Yeah, tis unforetunate. Boot into Vista again and back things up, or else, use something to merge some partitions, or better yet, grab an old hard drive and stick it in the PC.
Ubuntu is worth using, and worth the trouble imo. The installer shouldn't run into any more problems though.


----------



## Casheti (May 16, 2007)

I have a 20GB IDE but my DVD drive is also IDE so I can't use both at the same time...


----------



## Deleted member 3 (May 16, 2007)

You can change partition type using tools like Partition magic. ie from primary to extended. 
Also, you know Linux doesn't write NTFS right?


----------



## Casheti (May 16, 2007)

Yep.


----------



## Solaris17 (May 16, 2007)

you could fix this by getting partition magic i think i included it on my utility cd if i didnt hit me up what you can do is (well youll need to format) but set some of your partitions to logical that might fix the problem at least i see that as a fix also if you want to get ride of linux format using partition magic then use the fixboot and fixmbr cammands from the xp disk. then use partition magic to set up the linux one and the other you wanted only this time set them to logical that should fix the prob.


----------



## ktr (May 17, 2007)

DanTheBanjoman said:


> You can change partition type using tools like Partition magic. ie from primary to extended.
> Also, you know Linux doesn't write NTFS right?



you can write to ntfs with a simple program found in add/remove.

edit: the program name is "NTFS Configuration Tool", just search for "ntfs" in add/remove. http://www.ntfs-3g.org/


----------



## Casheti (May 17, 2007)

Well I think I'll stay away from Linux for now then


----------



## DIBL (May 17, 2007)

Casheti said:


> Well I think I'll stay away from Linux for now then



It's not that bad -- just a few new things to learn and a few Windows things to forget ...  

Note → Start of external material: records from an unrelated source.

(* Let $n=ab$ where $a\ge b\ge 2$ are integers. Fix an integer $\beta\ge 2$, and for a positive integer $d$ define $\vartheta_d:\{0,1,\ldots,n-1\}\to\mathbb{Z}_{\ge 0}$ by $\vartheta_d(x)=\beta\lfloor x/d\rfloor d+(x\bmod d)$. Let $X$ be the $n\times n$ matrix with entries $X_{j,k}=\frac{1}{\sqrt n}\zeta_{\beta n}^{\vartheta_a(j)\vartheta_b(k)}$ for $j,k\in\{0,\ldots,n-1\}$, where $\zeta_m=e^{2\pi\mathtt{i}/m}$. Then $X$ is type-II. Moreover, if $G$ is the graph with adjacency matrix $A=X\,\mathrm{diag}(\vartheta_b(0),\ldots,\vartheta_b(n-1))\,X^{-1}$ (i.e. eigenvalues $\{\vartheta_b(k)\}$ with $A$ unitarily diagonalized by $X$), then $G$ has universal perfect state transfer.
   Context: A type-II matrix is a unitary matrix all of whose entries have the same modulus. $x\bmod d$ denotes the remainder in $\{0,\ldots,d-1\}$. A graph with Hermitian adjacency matrix $A$ has universal perfect state transfer if for every pair of vertices $v,w$ there is $t>0$ with $|\langle w|e^{-\mathtt{i} At}|v\rangle|=1$. *)

theory Defs
  imports Complex_Main
begin

text \<open>n x n complex matrices are represented as functions nat => nat => complex;
  only entries with indices in {0..<n} are meaningful.\<close>

definition mmult :: "nat \<Rightarrow> (nat \<Rightarrow> nat \<Rightarrow> complex) \<Rightarrow> (nat \<Rightarrow> nat \<Rightarrow> complex) \<Rightarrow> nat \<Rightarrow> nat \<Rightarrow> complex" where
  "mmult n M N = (\<lambda>i j. \<Sum>k<n. M i k * N k j)"

definition idm :: "nat \<Rightarrow> nat \<Rightarrow> complex" where
  "idm = (\<lambda>i j. if i = j then 1 else 0)"

definition adj :: "(nat \<Rightarrow> nat \<Rightarrow> complex) \<Rightarrow> nat \<Rightarrow> nat \<Rightarrow> complex" where
  "adj M = (\<lambda>i j. cnj (M j i))"

definition mat_eq :: "nat \<Rightarrow> (nat \<Rightarrow> nat \<Rightarrow> complex) \<Rightarrow> (nat \<Rightarrow> nat \<Rightarrow> complex) \<Rightarrow> bool" where
  "mat_eq n M N \<longleftrightarrow> (\<forall>i<n. \<forall>j<n. M i j = N i j)"

definition unitary :: "nat \<Rightarrow> (nat \<Rightarrow> nat \<Rightarrow> complex) \<Rightarrow> bool" where
  "unitary n U \<longleftrightarrow> mat_eq n (mmult n U (adj U)) idm \<and> mat_eq n (mmult n (adj U) U) idm"
(* In the 2SDI setting where Alice measures the qubit observables $A_0=\sigma_x$, $A_1=\sigma_y$ and Bob and Charlie are black boxes, the Mermin family $P^V_{MF}$ ($0<V\le1$) demonstrates genuine tripartite steering if and only if $V>\frac1{\sqrt2}$.
   Context: Outcomes and settings: $a,b,c,x,y,z\in\{0,1\}$. For a qubit observable $O$ with eigenvalues $\pm1$, the measurement has projectors $M_0=(\mathbb 1+O)/2$, $M_1=(\mathbb 1-O)/2$; $M^A_{a|x}$ denotes the projectors of $A_x$. Mermin family: $P^V_{MF}(abc|xyz)=\frac{1+(-1)^{a\oplus b\oplus c\oplus xy\oplus yz\oplus xz}\,\delta_{x\oplus y\oplus1,z}\,V}{8}$. Genuine tripartite steering in the 2SDI scenario: $P$ demonstrates it iff there is no finite $d$, biseparable state $\rho^{ABC}=\sum_\lambda p_\lambda\rho^\lambda_A\otimes\rho^\lambda_{BC}+\sum_\lambda q_\lambda\rho^\lambda_{AC}\otimes\rho^\lambda_B+\sum_\lambda r_\lambda\rho^\lambda_{AB}\otimes\rho^\lambda_C$ on $\mathbb C^2\otimes\mathbb C^d\otimes\mathbb C^d$ (weights nonnegative summing to 1), and POVMs $\{N_{b|y}\}_b$, $\{N'_{c|z}\}_c$ on $\mathbb C^d$ such that $P(abc|xyz)=\mathrm{Tr}[(M^A_{a|x}\otimes N_{b|y}\otimes N'_{c|z})\rho^{ABC}]$. *)

theory Defs
  imports "HOL-Analysis.Analysis"
begin

text \<open>Operators on a finite-dimensional Hilbert space with orthonormal basis indexed
  by a finite set I are represented by their matrix entries M i j (i, j in I);
  entries outside I are irrelevant.  Bits (outcomes and settings) are naturals in {0,1}.\<close>

type_synonym 'i op = "'i \<Rightarrow> 'i \<Rightarrow> complex"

Here's great information on how to do partitioning: http://www.psychocats.net/ubuntu/partitioning

A really good tool (and free) to do your partitioning and resizing is GParted Live CD -- get it here: http://gparted.sourceforge.net/livecd.php

It is true that each hard drive only gets to have 4 primary partitions.  But you can have numerous extended partitions within a primary partition.


----------



## Casheti (May 17, 2007)

Well I don't have enough room to make any more partitions.. and how can I make an extended?


----------



## DIBL (May 17, 2007)

Casheti -- assuming you just made that 4th partition and it is empty, you need to (a) review the material in the first link I gave you, and then (b) delete that 4th partition, which will automatically combine it with the "unusable" space, and then make all of the remaining space your 4th primary partition, and install Linux in that one, using extended partitions for /, /home, and /[swap].

If none of your existing partitions are empty, then I'm not sure how to advise you -- you're going to have to backup the data in one of them in order to re-use it.

Also, you don't want ntfs as the filesystem for Linux -- ext3 is fine, or reiserfs.


----------



## ktr (May 17, 2007)

In ntfs, you can only have 4 partition on a single hdd, that is why linux wont let you partition a new one, reguardless of another format.


----------



## NinkobEi (May 17, 2007)

eh to heck with partitions, I say. its much easier to keep your drive one big chunk. although I dont recommend defragging it while you go to the movie..


----------



## DIBL (May 18, 2007)

ktr said:


> In ntfs, you can only have 4 partition on a single hdd, that is why linux wont let you partition a new one, reguardless of another format.



The "only 4 primary partitions per hard drive" rule is not a ntfs issue, it is a BIOS limit (says here). So it's a limit for any OS on your Intel or AMD platform.


----------